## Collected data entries

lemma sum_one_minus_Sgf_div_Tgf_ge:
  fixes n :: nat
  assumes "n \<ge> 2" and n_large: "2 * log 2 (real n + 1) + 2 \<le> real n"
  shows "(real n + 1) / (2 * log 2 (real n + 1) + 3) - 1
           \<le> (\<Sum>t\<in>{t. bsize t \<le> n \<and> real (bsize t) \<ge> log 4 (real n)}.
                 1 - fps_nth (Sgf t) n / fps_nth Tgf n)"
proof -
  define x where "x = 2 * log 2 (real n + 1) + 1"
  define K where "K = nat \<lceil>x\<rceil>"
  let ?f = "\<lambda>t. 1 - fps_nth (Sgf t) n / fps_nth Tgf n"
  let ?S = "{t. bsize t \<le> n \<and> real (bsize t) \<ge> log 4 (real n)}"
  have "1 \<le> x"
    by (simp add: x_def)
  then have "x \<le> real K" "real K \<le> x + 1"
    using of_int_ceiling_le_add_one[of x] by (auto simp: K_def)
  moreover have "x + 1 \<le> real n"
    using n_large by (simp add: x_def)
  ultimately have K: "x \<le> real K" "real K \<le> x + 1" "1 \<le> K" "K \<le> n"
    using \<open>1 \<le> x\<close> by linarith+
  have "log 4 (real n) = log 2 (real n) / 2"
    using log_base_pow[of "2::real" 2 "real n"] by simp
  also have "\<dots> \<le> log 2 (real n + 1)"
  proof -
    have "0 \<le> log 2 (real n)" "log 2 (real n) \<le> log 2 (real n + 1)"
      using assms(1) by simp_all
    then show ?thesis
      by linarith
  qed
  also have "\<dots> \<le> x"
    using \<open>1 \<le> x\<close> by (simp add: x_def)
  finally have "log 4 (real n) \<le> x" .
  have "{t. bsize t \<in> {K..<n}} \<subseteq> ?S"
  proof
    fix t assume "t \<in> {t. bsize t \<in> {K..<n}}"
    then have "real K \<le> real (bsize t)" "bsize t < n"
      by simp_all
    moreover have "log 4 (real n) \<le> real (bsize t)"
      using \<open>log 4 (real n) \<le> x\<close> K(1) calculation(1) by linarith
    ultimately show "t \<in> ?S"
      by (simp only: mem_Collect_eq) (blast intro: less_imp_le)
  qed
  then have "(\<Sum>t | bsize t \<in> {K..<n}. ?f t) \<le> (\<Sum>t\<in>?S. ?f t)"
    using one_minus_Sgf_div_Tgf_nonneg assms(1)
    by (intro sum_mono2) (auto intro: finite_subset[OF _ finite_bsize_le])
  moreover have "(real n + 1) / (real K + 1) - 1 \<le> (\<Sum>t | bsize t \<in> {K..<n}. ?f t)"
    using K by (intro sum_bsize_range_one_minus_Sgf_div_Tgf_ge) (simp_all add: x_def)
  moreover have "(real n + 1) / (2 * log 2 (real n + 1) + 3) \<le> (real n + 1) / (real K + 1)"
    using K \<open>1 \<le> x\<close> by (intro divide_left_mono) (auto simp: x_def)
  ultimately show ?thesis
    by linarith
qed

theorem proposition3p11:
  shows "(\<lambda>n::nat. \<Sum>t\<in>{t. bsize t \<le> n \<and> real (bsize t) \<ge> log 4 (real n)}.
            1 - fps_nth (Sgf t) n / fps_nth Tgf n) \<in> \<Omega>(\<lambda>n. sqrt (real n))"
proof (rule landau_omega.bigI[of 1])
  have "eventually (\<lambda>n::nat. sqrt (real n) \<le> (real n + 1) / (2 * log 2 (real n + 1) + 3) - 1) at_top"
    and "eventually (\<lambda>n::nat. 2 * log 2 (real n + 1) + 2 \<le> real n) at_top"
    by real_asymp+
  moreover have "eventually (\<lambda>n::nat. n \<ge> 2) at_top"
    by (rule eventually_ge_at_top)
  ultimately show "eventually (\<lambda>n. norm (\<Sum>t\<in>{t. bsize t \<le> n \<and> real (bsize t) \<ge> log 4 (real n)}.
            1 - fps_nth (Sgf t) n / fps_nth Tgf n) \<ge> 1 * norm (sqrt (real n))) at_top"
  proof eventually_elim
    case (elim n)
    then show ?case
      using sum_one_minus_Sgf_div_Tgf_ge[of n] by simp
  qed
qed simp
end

## TASK OBJECTIVE
Each line from the one holding "using sum_one_minus_Sgf_div_Tgf_ge[of n]" to the end of the entries is to be written out exactly. Skip every line before it.

## ANSWER TO THE EXERCISE
      using sum_one_minus_Sgf_div_Tgf_ge[of n] by simp
  qed
qed simp
end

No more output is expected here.